Imlog[(1+x)/(1-x)] = arg [(1+x)/(1-x)] where x: complex number

How is this true? Is it always applicable no matter what form of complex function is under calculation?

Thank you.

2. Oct 6, 2013

3. Oct 9, 2013

### M. next

Yes, indeed. Excuse me for the late reply.

4. Oct 9, 2013

### Simon Bridge

Note, a complex number z can always be written in the form z=a+ib: a,b are real.

5. Oct 9, 2013

Yes?

6. Oct 9, 2013

### Office_Shredder

Staff Emeritus
If I ask you for the imaginary part of log(z) can you tell me what it is?

From there it should be fairly obvious what the imaginary part of log(f(z)) is in terms of f(z).

7. Oct 9, 2013

### HallsofIvy

Staff Emeritus
I don't see that the "(1+ x)/(1- x)" is really relevant. If z is any complex number, $z= re^{i\theta}$ where "$\theta$" is the "argument" of z. Then $log(z)= log(re^{ix\theta})= log(r)+ i \theta$. That is, $Im(log(z))= \theta$, the argument of z.

8. Oct 9, 2013

### Simon Bridge

So... you can now answer your own questions...

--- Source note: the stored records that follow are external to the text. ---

(* As $\omega\to0^+$, the fundamental solution $\boldsymbol\Gamma^\omega$ has the asymptotic expansion $$\boldsymbol\Gamma^\omega(\mathbf{x})=\boldsymbol\Gamma(\mathbf{x})+\gamma_\omega\mathbf{I}_2+\omega^2\ln\omega\,\rho\boldsymbol\Gamma_1(\mathbf{x})+\omega^2\rho\ln\sqrt\rho\,\boldsymbol\Gamma_1(\mathbf{x})+\omega^2\rho\boldsymbol\Gamma_2(\mathbf{x})+\mathcal{O}(\omega^4\ln\omega+\omega^4),$$ where $\boldsymbol\Gamma_1(\mathbf{x})=\beta_2|\mathbf{x}|^2\mathbf{I}_2+\beta_3\mathbf{x}\mathbf{x}^T$, $\boldsymbol\Gamma_2(\mathbf{x})=\beta_1|\mathbf{x}|^2\mathbf{I}_2+\beta_2\ln|\mathbf{x}||\mathbf{x}|^2\mathbf{I}_2+\beta_3\ln|\mathbf{x}|\mathbf{x}\mathbf{x}^T+\beta_4\mathbf{x}\mathbf{x}^T$, $\gamma_\omega=\alpha_1\ln(\sqrt\rho\,\omega)+\alpha$ with $\alpha=\frac{\alpha_1}2E_c+\frac{\alpha_2}2-\frac1{8\pi}\big(\frac1\mu\ln\mu+\frac1{2\mu+\lambda}\ln(2\mu+\lambda)\big)$, and $\beta_1=(\frac12E_c-1)\beta_2-\frac18\beta_3+\frac1{2^6\pi}\big(\frac3{\mu^2}\ln\mu+\frac1{(2\mu+\lambda)^2}\ln(2\mu+\lambda)\big)$, $\beta_2=-\frac1{2^5\pi}\big(\frac3{\mu^2}+\frac1{(2\mu+\lambda)^2}\big)$, $\beta_3=\frac1{2^4\pi}\big(\frac1{\mu^2}-\frac1{(2\mu+\lambda)^2}\big)$, $\beta_4=\frac14(2E_c-3)\beta_3-\frac1{2^5\pi}\big(\frac1{\mu^2}\ln\mu-\frac1{(2\mu+\lambda)^2}\ln(2\mu+\lambda)\big)$.
   Context: Lamé constants $\lambda,\mu$, density $\rho>0$; $c_s=\sqrt{\mu/\rho}$, $c_p=\sqrt{(\lambda+2\mu)/\rho}$, $k_s=\omega/c_s$, $k_p=\omega/c_p$. The fundamental solution of $\mu\Delta+(\lambda+\mu)\nabla\nabla\cdot+\omega^2\rho$ in $\mathbb{R}^2$ is $\boldsymbol\Gamma^\omega(\mathbf{x})=-\frac{\mathrm{i}}{4\mu}H_0^{(1)}(k_s|\mathbf{x}|)\mathbf{I}_2+\frac{\mathrm{i}}{4\omega^2\rho}\nabla\nabla\big(H_0^{(1)}(k_p|\mathbf{x}|)-H_0^{(1)}(k_s|\mathbf{x}|)\big)$. $\boldsymbol\Gamma(\mathbf{x})=\alpha_1\ln|\mathbf{x}|\mathbf{I}_2-\alpha_2\frac{\mathbf{x}\mathbf{x}^T}{|\mathbf{x}|^2}$, $\alpha_1=\frac1{4\pi}(\frac1\mu+\frac1{2\mu+\lambda})$, $\alpha_2=\frac1{4\pi}(\frac1\mu-\frac1{2\mu+\lambda})$. $E_c=2\gamma-\mathrm{i}\pi-2\ln2$, $\gamma$ Euler's constant. *)

theory Defs
  imports "HOL-Analysis.Analysis" "HOL-Library.Landau_Symbols"
begin

text \<open>Bessel functions of order zero for a positive real argument (DLMF 10.2.2, 10.8.2),
  and the Hankel function of the first kind of order zero.\<close>

definition besselJ0 :: "real \<Rightarrow> real" where
  "besselJ0 z = (\<Sum>k. (-1)^k * (z/2)^(2*k) / (fact k)^2)"

definition besselY0 :: "real \<Rightarrow> real" where
  "besselY0 z = 2/pi * (ln (z/2) + euler_mascheroni) * besselJ0 z
     + 2/pi * (\<Sum>k. (-1)^(k+2) * harm (k+1) * (z/2)^(2*(k+1)) / (fact (k+1))^2)"

definition hankel10 :: "real \<Rightarrow> complex" where
  "hankel10 z = Complex (besselJ0 z) (besselY0 z)"

definition hessian2 :: "(real^2 \<Rightarrow> complex) \<Rightarrow> real^2 \<Rightarrow> complex^2^2" where
  "hessian2 g x = (\<chi> i j. vector_derivative
      (\<lambda>t. vector_derivative (\<lambda>s. g (x + t *\<^sub>R axis i 1 + s *\<^sub>R axis j 1)) (at 0)) (at 0))"

definition cscale :: "complex \<Rightarrow> complex^2^2 \<Rightarrow> complex^2^2" where
  "cscale c A = (\<chi> i j. c * A$i$j)"

definition Imat :: "complex^2^2" where
  "Imat = mat 1"

definition outer :: "real^2 \<Rightarrow> complex^2^2" where
  "outer x = (\<chi> i j. complex_of_real (x$i * x$j))"

text \<open>Physical parameters: Lame constants lam, mu, density rho, frequency omega.\<close>

definition k_s :: "real \<Rightarrow> real \<Rightarrow> real \<Rightarrow> real \<Rightarrow> real" where
  "k_s lam mu rho \<omega> = \<omega> / sqrt (mu / rho)"

definition k_p :: "real \<Rightarrow> real \<Rightarrow> real \<Rightarrow> real \<Rightarrow> real" where
  "k_p lam mu rho \<omega> = \<omega> / sqrt ((lam + 2*mu) / rho)"

definition Gamma_omega :: "real \<Rightarrow> real \<Rightarrow> real \<Rightarrow> real \<Rightarrow> real^2 \<Rightarrow> complex^2^2" where
  "Gamma_omega lam mu rho \<omega> x =
     cscale (- \<i> / (4 * mu) * hankel10 (k_s lam mu rho \<omega> * norm x)) Imat
   + cscale (\<i> / (4 * \<omega>^2 * rho))
       (hessian2 (\<lambda>y. hankel10 (k_p lam mu rho \<omega> * norm y) - hankel10 (k_s lam mu rho \<omega> * norm y)) x)"

definition alpha1 :: "real \<Rightarrow> real \<Rightarrow> real" where
  "alpha1 lam mu = 1/(4*pi) * (1/mu + 1/(2*mu + lam))"

definition alpha2 :: "real \<Rightarrow> real \<Rightarrow> real" where
  "alpha2 lam mu = 1/(4*pi) * (1/mu - 1/(2*mu + lam))"

definition Gamma0 :: "real \<Rightarrow> real \<Rightarrow> real^2 \<Rightarrow> complex^2^2" where
  "Gamma0 lam mu x = cscale (alpha1 lam mu * ln (norm x)) Imat
     - cscale (alpha2 lam mu / (norm x)^2) (outer x)"

definition Ec :: complex where
  "Ec = 2 * euler_mascheroni - \<i> * pi - 2 * ln 2"

definition alpha_c :: "real \<Rightarrow> real \<Rightarrow> complex" where
  "alpha_c lam mu = alpha1 lam mu / 2 * Ec + alpha2 lam mu / 2
     - 1/(8*pi) * (1/mu * ln mu + 1/(2*mu + lam) * ln (2*mu + lam))"

definition gamma_omega :: "real \<Rightarrow> real \<Rightarrow> real \<Rightarrow> real \<Rightarrow> complex" where
  "gamma_omega lam mu rho \<omega> = alpha1 lam mu * ln (sqrt rho * \<omega>) + alpha_c lam mu"

definition beta2 :: "real \<Rightarrow> real \<Rightarrow> real" where
  "beta2 lam mu = - 1/(2^5*pi) * (3/mu^2 + 1/(2*mu + lam)^2)"

definition beta3 :: "real \<Rightarrow> real \<Rightarrow> real" where
  "beta3 lam mu = 1/(2^4*pi) * (1/mu^2 - 1/(2*mu + lam)^2)"

definition beta1 :: "real \<Rightarrow> real \<Rightarrow> complex" where
  "beta1 lam mu = (1/2 * Ec - 1) * beta2 lam mu - 1/8 * beta3 lam mu
     + 1/(2^6*pi) * (3/mu^2 * ln mu + 1/(2*mu + lam)^2 * ln (2*mu + lam))"

definition beta4 :: "real \<Rightarrow> real \<Rightarrow> complex" where
  "beta4 lam mu = 1/4 * (2 * Ec - 3) * beta3 lam mu
     - 1/(2^5*pi) * (1/mu^2 * ln mu - 1/(2*mu + lam)^2 * ln (2*mu + lam))"

definition Gamma1 :: "real \<Rightarrow> real \<Rightarrow> real^2 \<Rightarrow> complex^2^2" where
  "Gamma1 lam mu x = cscale (beta2 lam mu * (norm x)^2) Imat + cscale (beta3 lam mu) (outer x)"

definition Gamma2 :: "real \<Rightarrow> real \<Rightarrow> real^2 \<Rightarrow> complex^2^2" where
  "Gamma2 lam mu x = cscale (beta1 lam mu * (norm x)^2) Imat
     + cscale (beta2 lam mu * ln (norm x) * (norm x)^2) Imat
     + cscale (beta3 lam mu * ln (norm x)) (outer x)
     + cscale (beta4 lam mu) (outer x)"

end

theory Submission
  imports Defs "HOL-Real_Asymp.Real_Asymp"
begin
(* For fail time 0, f first walks to (t,0), then to T, and only then comes back to S. *)
lemma delivery_ge_detour:
  assumes adm: "admissible x y f" and P: "(x, y) \<noteq> (0, 0)"
    and c: "c \<le> 1" "c \<le> axis_dist x y c" and t: "0 \<le> t" "t < c"
    and t_first: "meets_first f t 1" and S_late: "\<not> meets_first f 0 1"
  shows "ereal (axis_dist x y t + 3 - t) \<le> delivery f 0"
proof -
  obtain s where s: "0 \<le> s" "f s = (min s t, 0)"
    and first: "\<And>s'. 0 \<le> s' \<Longrightarrow> f s' = (min s' 1, 0) \<Longrightarrow> s \<le> s'"
    using t_first by (auto simp: meets_first_def pkg_def)
  have "t \<le> s"
    using meeting_time_ge[OF adm P c(2) s] t by simp
  then have fs: "f s = (t, 0)"
    using s(2) by simp
  have reach: "axis_dist x y t \<le> s"
    using admissible_axis_reach[OF adm s(1) fs] .
  have "t < axis_dist x y t"
    using axis_dist_gt_before[OF P t c(2)] .
  show ?thesis
  proof (rule delivery_ge)
    fix s0 assume s0: "0 \<le> s0" "f s0 = (min s0 0, 0)"
    then have fs0: "f s0 = (0, 0)"
      by simp
    obtain s1 where s1: "0 \<le> s1" "s1 < s0" "f s1 = (min s1 1, 0)"
      using not_meets_first_D[OF S_late s0] .
    have "s \<le> s1"
      using first[OF s1(1,3)] .
    have to_1: "\<bar>t - min s1 1\<bar> \<le> \<bar>s - s1\<bar>"
      using admissible_axis_lipschitz[OF adm s(1) s1(1) fs s1(3)] .
    have "1 \<le> s1"
    proof (rule ccontr)
      assume "\<not> 1 \<le> s1"
      then have "\<bar>t - s1\<bar> \<le> s1 - s"
        using to_1 \<open>s \<le> s1\<close> by simp
      then show False
        using reach \<open>t < axis_dist x y t\<close> by auto
    qed
    then have "f s1 = (1, 0)"
      using s1(3) by simp
    then have "\<bar>0 - 1\<bar> \<le> \<bar>s0 - s1\<bar>"
      using admissible_axis_lipschitz[OF adm s0(1) s1(1) fs0] by simp
    then show "axis_dist x y t + 3 - t \<le> s0 + 1 - min s0 0"
      using to_1 \<open>1 \<le> s1\<close> \<open>s \<le> s1\<close> s1(2) reach s0(1) t c(1) by auto
  qed simp
qed

lemma turn_ratio_le_CR:
  assumes adm: "admissible x y f" and P: "(x, y) \<noteq> (0, 0)"
    and c: "c \<le> 1" "c \<le> axis_dist x y c" and S_late: "\<not> meets_first f 0 1"
    and t: "0 \<le> t" "t < c"
  shows "ereal ((axis_dist x y c + c + 1 - 2 * t) / Opt x y t) \<le> CR x y f"
proof (cases "meets_first f t 1")
  case True
  have "t < axis_dist x y t"
    using axis_dist_gt_before[OF P t c(2)] .
  then have Opt_t: "Opt x y t = axis_dist x y t + 1 - t"
    by (simp add: Opt_eq_axis_dist)
  have Opt_0: "Opt x y 0 = axis_dist x y 0 + 1"
    using axis_dist_nonneg[of x y 0] by (simp add: Opt_eq_axis_dist)
  have "(axis_dist x y c + c + 1 - 2 * t) * Opt x y 0 \<le> (Opt x y t + 2) * Opt x y t"
    using axis_dist_turn_ratio[OF t c] unfolding Opt_t Opt_0 by (simp add: algebra_simps)
  then have "(axis_dist x y c + c + 1 - 2 * t) / Opt x y t \<le> (Opt x y t + 2) / Opt x y 0"
    using Opt_ge_1[of x y t] Opt_ge_1[of x y 0] by (simp add: divide_simps)
  moreover have "ereal ((Opt x y t + 2) / Opt x y 0) \<le> CR x y f"
    using delivery_ge_detour[OF adm P c t True S_late] unfolding Opt_t
    by (intro CR_ge) (simp_all add: algebra_simps)
  ultimately show ?thesis
    by (meson ereal_less_eq(3) order_trans)
next
  case False
  then show ?thesis
    using CR_ge[OF t(1) _ delivery_ge_turn[OF adm P c t False]] t c(1) by simp
qed

(* A_1 and A_d are the cases c = 1 and c = d.  The disjunction excludes turning points the
   finisher reaches only after a package failing beyond them has already passed. *)
lemma CR_turn_le:
  assumes adm: "admissible x y f" and P: "(x, y) \<noteq> (0, 0)"
    and c: "c \<le> 1" "c \<le> axis_dist x y c" and turn: "c = 1 \<or> axis_dist x y c = c"
    and S_late: "\<not> meets_first f 0 1"
  shows "CR x y (walk [(x, y), (c, 0), S_pt]) \<le> CR x y f"
proof -
  define v where "v t = (if t \<le> c then axis_dist x y c + c + 1 - 2 * t else 1)" for t
  show ?thesis
  proof (rule CR_le[where v = v])
    fix t :: real assume t: "0 \<le> t" "t \<le> 1"
    show "delivery (walk [(x, y), (c, 0), S_pt]) t \<le> ereal (v t)"
    proof (cases "t \<le> c")
      case True
      then show ?thesis
        using delivery_turn[OF t(1) True t(2) c(2)] by (simp add: v_def)
    next
      case False
      then have "axis_dist x y c = c"
        using turn t(2) by auto
      then show ?thesis
        using delivery_turn_late[of x y c t] False c(1) by (simp add: v_def one_ereal_def)
    qed
    show "ereal (v t / Opt x y t) \<le> CR x y f"
    proof (cases "t < c")
      case True
      then show ?thesis
        using turn_ratio_le_CR[OF adm P c S_late t(1) True] by (simp add: v_def)
    next
      case False
      then have "v t \<le> Opt x y t"
        using Opt_ge_1[of x y t] by (auto simp: v_def Opt_eq_axis_dist)
      then have "ereal (v t / Opt x y t) \<le> 1"
        using Opt_ge_1[of x y t] by (simp add: one_ereal_def)
      then show ?thesis
        using CR_ge_1[OF adm] by (rule order_trans)
    qed
  qed
qed

lemma hybrid_CR_le:
  shows "CR x y (hybrid x y) \<le> CR x y (alg0 x y)"
    and "1 < (x - 1)\<^sup>2 + y\<^sup>2 \<Longrightarrow> CR x y (hybrid x y) \<le> CR x y (alg1 x y)"
    and "(x - 1)\<^sup>2 + y\<^sup>2 \<le> 1 \<Longrightarrow> CR x y (hybrid x y) \<le> CR x y (algd x y)"
  unfolding hybrid_def by auto

theorem theorem4:
  fixes x y :: real and f :: "real \<Rightarrow> real \<times> real"
  assumes "(x, y) \<noteq> (0, 0)" and "0 \<le> y" and "admissible x y f"
  shows "CR x y (hybrid x y) \<le> CR x y f"
proof (cases "meets_first f 0 1")
  case True
  show ?thesis
    using hybrid_CR_le(1) CR_alg0_le[OF assms(3) True] by (rule order_trans)
next
  case S_late: False
  show ?thesis
  proof (cases "1 < (x - 1)\<^sup>2 + y\<^sup>2")
    case True
    then have "1 \<le> axis_dist x y 1"
      by (simp add: axis_dist_def dist_Pair_Pair dist_real_def real_le_rsqrt)
    then have "CR x y (alg1 x y) \<le> CR x y f"
      using CR_turn_le[OF assms(3,1) order_refl _ _ S_late] by (simp add: alg1_def T_pt_def)
    with hybrid_CR_le(2)[OF True] show ?thesis
      by (rule order_trans)
  next
    case False
    then have disc: "(x - 1)\<^sup>2 + y\<^sup>2 \<le> 1"
      by simp
    note d = disc_dpar[OF disc assms(1)]
    have "CR x y (algd x y) \<le> CR x y f"
      using CR_turn_le[OF assms(3,1) d(2) _ _ S_late] d(3) by (simp add: algd_def)
    with hybrid_CR_le(3)[OF disc] show ?thesis
      by (rule order_trans)
  qed
qed
(* Let $\mathcal O,K,k,\nu$ be as in the context. Let $D\in\mathcal O[X]$ have degree $4$, with leading coefficient a unit of $\mathcal O$ that is a square in $K$, such that the continued fraction of $\sqrt D$ over $K$ is not periodic and the reduction $\bar D\in k[X]$ is not a square. Let $\alpha_n$ be the complete quotients of $\sqrt D$ over $K$. Then the continued fraction of $\sqrt D$ has bad reduction at $\nu$ (i.e. $\alpha_n\notin\mathcal O((X^{-1}))$ for some $n\ge1$) if and only if the continued fraction of $\sqrt{\bar D}=\overline{\sqrt D}$ over $k$ is periodic.
   Context: $\mathcal O$ is a discrete valuation ring with fraction field $K$, valuation $\nu$, residue field $k$ of characteristic $\ne2$; bars denote coefficientwise reduction. The square root $\sqrt D\in K((X^{-1}))$ then has coefficients in $\mathcal O$ and reduces to a square root of $\bar D$. $\mathcal O((X^{-1}))$ denotes Laurent series $\sum_{n\le N}u_nX^n$ with all $u_n\in\mathcal O$; $\operatorname{ord}(\sum_{n\le N}u_nX^n)=-N$ if $u_N\ne0$; $\lfloor\beta\rfloor$ is the unique polynomial with $\operatorname{ord}(\beta-\lfloor\beta\rfloor)>0$. Continued fraction: $\alpha_0=\alpha$, $\alpha_{n+1}=1/(\alpha_n-\lfloor\alpha_n\rfloor)$, $a_n=\lfloor\alpha_n\rfloor$; periodic: $a_n=a_{n+l}$ for all $n\ge m$, for some $m\ge0,l\ge1$. *)

theory Defs
  imports "HOL-Computational_Algebra.Computational_Algebra"
begin

text \<open>Laurent series in X^{-1} are modelled as formal Laurent series in the
variable T = X^{-1} (type 'a fls). A series sum over n at most N of u_n X^n
is the fls with coefficient u_n at T^(-n). Thus "ord" of the paper is
fls_subdegree, and polynomials in X are the fls supported on nonpositive
T-exponents.\<close>

definition poly_to_fls_Xinv :: "'a::field poly \<Rightarrow> 'a fls" where
  "poly_to_fls_Xinv p = (\<Sum>i\<le>degree p. fls_const (coeff p i) * fls_X_inv ^ i)"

... you want to know if $\Im\big[ \log[f(a+ib)]\big]=f(a+ib)$ for any function f of complex number x=a+ib: a,b, real.

So do the math.
It's actually easier in polar form ... put $x=Re^{i\theta}$
Work it out for your problem first.

Last edited: Oct 9, 2013
9. Oct 10, 2013

### M. next

Okay, I understood it now. Great thanks.